WORK INSTRUCTIONS
Could you please find each line in the records that contains the word "definition" and copy it?

SUPPLIED DATA
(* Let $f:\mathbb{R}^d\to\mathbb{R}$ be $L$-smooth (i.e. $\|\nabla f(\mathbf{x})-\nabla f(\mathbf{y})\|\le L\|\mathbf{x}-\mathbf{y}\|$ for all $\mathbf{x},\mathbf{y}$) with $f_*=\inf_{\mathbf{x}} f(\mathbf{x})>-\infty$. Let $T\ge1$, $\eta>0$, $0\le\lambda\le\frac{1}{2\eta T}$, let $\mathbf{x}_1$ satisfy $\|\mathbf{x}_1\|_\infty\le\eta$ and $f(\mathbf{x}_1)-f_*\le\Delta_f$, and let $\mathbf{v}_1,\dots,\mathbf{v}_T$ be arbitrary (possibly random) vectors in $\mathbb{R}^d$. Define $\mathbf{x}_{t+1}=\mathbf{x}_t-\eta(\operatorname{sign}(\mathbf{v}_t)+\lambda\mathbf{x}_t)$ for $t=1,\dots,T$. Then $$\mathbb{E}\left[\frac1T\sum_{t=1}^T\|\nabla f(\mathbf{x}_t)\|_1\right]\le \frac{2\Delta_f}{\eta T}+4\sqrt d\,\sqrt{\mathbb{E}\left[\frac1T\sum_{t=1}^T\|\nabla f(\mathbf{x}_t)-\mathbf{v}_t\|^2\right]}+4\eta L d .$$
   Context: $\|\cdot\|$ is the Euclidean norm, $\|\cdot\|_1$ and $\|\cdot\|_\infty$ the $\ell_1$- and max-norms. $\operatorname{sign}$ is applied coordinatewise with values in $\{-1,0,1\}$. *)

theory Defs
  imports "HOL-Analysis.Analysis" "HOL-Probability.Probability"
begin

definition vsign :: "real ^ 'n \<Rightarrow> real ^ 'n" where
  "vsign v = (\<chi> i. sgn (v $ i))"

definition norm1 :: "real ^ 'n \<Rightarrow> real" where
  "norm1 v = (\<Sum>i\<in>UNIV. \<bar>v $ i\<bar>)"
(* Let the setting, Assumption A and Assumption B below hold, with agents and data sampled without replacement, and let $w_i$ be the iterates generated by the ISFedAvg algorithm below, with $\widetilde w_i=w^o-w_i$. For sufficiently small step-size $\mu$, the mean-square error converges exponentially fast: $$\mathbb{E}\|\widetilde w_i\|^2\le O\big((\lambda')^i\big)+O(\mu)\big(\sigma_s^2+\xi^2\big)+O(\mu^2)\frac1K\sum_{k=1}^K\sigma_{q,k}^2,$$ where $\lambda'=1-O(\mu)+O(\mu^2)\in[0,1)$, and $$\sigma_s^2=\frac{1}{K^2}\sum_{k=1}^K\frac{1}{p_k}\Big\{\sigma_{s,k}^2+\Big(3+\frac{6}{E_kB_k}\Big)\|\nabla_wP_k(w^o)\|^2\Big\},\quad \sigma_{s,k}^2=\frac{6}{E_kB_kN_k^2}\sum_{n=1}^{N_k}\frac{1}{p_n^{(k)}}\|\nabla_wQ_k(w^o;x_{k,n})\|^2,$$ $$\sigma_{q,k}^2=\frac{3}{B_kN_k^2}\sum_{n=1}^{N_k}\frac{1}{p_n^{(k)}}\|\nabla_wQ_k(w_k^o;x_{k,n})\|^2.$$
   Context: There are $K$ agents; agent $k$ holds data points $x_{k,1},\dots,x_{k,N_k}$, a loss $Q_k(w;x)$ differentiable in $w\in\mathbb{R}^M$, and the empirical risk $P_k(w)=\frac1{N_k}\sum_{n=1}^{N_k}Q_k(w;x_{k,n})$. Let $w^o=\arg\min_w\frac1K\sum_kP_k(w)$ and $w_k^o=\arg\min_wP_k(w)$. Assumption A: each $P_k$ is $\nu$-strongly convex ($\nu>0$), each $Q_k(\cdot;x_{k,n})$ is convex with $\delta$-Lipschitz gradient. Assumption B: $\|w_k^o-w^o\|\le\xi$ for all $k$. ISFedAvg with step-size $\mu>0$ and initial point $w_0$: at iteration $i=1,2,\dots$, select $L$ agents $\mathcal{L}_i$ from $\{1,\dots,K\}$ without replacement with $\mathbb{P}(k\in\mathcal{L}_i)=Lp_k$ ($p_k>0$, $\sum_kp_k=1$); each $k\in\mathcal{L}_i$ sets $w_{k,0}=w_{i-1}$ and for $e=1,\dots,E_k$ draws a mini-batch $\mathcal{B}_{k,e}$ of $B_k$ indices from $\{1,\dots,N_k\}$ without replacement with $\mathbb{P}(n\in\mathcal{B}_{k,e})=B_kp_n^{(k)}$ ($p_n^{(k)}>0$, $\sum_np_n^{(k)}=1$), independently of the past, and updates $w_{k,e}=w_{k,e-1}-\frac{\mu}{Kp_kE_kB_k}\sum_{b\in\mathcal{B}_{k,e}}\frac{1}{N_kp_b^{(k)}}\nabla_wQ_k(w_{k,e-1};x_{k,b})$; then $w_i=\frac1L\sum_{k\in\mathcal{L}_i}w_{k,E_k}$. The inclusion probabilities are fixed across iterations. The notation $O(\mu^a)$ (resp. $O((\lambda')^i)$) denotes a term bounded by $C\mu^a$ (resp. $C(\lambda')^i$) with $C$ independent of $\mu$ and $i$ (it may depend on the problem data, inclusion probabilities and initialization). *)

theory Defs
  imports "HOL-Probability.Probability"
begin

WORKED SOLUTION
definition vsign :: "real ^ 'n \<Rightarrow> real ^ 'n" where
definition norm1 :: "real ^ 'n \<Rightarrow> real" where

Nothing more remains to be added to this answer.